## Prompt
Copy out every line from the records that includes "UNIV".

## The input
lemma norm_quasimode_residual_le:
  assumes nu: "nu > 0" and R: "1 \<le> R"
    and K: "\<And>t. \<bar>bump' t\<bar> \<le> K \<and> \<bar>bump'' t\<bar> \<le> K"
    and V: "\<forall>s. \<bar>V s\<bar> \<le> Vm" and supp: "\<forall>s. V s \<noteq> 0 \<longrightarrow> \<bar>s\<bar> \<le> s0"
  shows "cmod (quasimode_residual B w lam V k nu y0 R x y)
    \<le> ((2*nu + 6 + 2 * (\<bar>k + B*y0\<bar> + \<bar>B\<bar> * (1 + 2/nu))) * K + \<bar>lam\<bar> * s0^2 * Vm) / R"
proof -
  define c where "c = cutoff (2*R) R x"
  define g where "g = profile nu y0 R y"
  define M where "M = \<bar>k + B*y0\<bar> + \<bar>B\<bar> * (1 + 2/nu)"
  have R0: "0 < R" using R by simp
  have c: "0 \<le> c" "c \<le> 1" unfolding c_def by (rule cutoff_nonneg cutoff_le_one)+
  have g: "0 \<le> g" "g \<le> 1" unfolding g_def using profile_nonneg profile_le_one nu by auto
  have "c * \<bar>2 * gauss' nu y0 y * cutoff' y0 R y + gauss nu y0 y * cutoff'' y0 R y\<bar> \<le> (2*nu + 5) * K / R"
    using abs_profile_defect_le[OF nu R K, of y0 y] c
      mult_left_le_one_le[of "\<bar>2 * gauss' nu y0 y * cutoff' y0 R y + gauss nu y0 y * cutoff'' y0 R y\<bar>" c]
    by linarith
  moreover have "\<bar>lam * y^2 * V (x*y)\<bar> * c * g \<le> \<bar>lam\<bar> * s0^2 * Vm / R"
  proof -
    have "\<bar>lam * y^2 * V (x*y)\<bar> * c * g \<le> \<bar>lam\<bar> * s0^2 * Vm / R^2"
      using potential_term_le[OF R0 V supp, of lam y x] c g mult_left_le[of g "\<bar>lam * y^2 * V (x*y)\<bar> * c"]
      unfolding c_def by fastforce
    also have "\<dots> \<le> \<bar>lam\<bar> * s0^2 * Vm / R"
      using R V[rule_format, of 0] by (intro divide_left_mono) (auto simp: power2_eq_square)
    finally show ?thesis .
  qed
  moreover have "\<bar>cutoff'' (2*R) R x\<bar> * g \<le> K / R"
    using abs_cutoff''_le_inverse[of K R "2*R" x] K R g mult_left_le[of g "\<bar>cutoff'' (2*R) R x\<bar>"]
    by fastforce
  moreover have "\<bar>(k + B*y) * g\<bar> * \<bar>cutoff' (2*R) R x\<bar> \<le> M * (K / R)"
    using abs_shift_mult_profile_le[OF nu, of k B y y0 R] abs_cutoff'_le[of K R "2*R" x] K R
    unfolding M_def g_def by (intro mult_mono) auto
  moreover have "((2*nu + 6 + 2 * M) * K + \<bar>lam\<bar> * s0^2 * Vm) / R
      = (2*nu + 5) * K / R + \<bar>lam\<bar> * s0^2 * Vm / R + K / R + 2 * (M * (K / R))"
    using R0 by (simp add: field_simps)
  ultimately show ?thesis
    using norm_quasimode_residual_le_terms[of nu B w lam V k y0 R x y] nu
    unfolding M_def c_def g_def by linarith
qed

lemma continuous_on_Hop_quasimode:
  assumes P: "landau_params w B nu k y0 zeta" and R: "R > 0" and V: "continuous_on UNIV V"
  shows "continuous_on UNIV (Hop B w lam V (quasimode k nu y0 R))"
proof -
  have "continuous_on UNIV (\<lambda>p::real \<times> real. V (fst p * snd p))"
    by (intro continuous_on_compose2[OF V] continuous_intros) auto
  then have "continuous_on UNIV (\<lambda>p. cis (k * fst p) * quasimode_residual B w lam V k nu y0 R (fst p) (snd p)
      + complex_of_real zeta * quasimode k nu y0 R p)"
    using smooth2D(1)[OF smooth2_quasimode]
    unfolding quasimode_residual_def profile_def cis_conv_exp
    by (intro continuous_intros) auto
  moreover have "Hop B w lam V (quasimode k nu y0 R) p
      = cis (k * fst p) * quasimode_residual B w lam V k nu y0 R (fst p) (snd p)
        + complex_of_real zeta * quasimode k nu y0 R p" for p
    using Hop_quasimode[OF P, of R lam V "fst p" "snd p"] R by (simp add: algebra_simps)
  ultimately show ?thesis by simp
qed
==
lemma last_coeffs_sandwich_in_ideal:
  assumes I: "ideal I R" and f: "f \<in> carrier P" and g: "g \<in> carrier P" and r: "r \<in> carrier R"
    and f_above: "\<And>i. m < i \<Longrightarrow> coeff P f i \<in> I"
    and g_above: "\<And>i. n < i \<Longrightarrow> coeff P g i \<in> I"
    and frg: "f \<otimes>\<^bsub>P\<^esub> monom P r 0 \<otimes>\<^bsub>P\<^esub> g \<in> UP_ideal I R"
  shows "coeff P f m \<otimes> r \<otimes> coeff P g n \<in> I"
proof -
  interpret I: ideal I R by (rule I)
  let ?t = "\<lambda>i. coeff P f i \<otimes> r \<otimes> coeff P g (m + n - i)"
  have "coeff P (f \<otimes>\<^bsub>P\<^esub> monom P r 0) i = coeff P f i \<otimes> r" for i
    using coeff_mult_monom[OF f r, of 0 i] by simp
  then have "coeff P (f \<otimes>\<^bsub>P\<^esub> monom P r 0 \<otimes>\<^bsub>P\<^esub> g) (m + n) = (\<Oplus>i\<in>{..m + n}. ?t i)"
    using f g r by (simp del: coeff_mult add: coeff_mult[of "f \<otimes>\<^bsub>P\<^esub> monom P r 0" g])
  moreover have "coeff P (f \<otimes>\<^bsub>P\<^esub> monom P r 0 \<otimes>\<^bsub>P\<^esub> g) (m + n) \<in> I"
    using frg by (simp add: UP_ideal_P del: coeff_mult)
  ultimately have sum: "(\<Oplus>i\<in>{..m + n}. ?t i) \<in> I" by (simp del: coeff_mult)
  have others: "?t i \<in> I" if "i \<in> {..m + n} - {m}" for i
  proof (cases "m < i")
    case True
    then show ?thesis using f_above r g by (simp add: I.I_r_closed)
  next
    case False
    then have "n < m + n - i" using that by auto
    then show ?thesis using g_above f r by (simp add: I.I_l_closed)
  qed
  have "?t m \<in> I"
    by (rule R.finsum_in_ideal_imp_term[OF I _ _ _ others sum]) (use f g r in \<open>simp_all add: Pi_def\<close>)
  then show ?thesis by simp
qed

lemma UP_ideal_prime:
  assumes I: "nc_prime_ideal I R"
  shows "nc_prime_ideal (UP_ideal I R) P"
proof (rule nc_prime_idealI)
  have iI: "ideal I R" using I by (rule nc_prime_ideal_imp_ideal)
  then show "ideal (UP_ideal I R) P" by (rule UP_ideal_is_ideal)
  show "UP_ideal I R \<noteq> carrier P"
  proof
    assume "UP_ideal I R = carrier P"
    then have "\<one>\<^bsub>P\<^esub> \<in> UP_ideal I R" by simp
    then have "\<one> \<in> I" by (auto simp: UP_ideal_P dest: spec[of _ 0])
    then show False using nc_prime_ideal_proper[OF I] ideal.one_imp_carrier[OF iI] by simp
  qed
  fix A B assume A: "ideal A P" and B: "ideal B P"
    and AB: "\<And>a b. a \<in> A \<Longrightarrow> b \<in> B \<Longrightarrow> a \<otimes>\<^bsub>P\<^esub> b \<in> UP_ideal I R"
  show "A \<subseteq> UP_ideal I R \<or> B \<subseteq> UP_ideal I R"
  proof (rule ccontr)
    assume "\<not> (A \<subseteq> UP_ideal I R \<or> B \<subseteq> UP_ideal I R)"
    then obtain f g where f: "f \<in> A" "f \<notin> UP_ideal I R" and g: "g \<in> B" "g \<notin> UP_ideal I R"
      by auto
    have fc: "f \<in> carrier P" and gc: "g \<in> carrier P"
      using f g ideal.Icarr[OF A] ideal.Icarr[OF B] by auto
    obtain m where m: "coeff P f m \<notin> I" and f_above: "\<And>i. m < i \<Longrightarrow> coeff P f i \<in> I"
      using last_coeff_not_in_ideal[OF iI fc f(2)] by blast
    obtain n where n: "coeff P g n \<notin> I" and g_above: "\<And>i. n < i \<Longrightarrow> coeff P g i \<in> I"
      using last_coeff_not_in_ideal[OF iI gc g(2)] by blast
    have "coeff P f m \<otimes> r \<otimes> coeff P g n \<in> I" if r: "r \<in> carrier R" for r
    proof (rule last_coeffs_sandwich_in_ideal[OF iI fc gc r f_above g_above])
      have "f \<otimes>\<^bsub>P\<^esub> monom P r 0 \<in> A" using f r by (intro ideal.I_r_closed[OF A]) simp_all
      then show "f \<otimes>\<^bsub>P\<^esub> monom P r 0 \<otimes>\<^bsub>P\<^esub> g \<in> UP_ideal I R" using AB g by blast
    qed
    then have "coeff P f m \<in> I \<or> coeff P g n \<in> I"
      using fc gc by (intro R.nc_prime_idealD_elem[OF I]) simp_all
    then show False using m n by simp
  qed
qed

## Task response
  assumes P: "landau_params w B nu k y0 zeta" and R: "R > 0" and V: "continuous_on UNIV V"
  shows "continuous_on UNIV (Hop B w lam V (quasimode k nu y0 R))"
  have "continuous_on UNIV (\<lambda>p::real \<times> real. V (fst p * snd p))"
  then have "continuous_on UNIV (\<lambda>p. cis (k * fst p) * quasimode_residual B w lam V k nu y0 R (fst p) (snd p)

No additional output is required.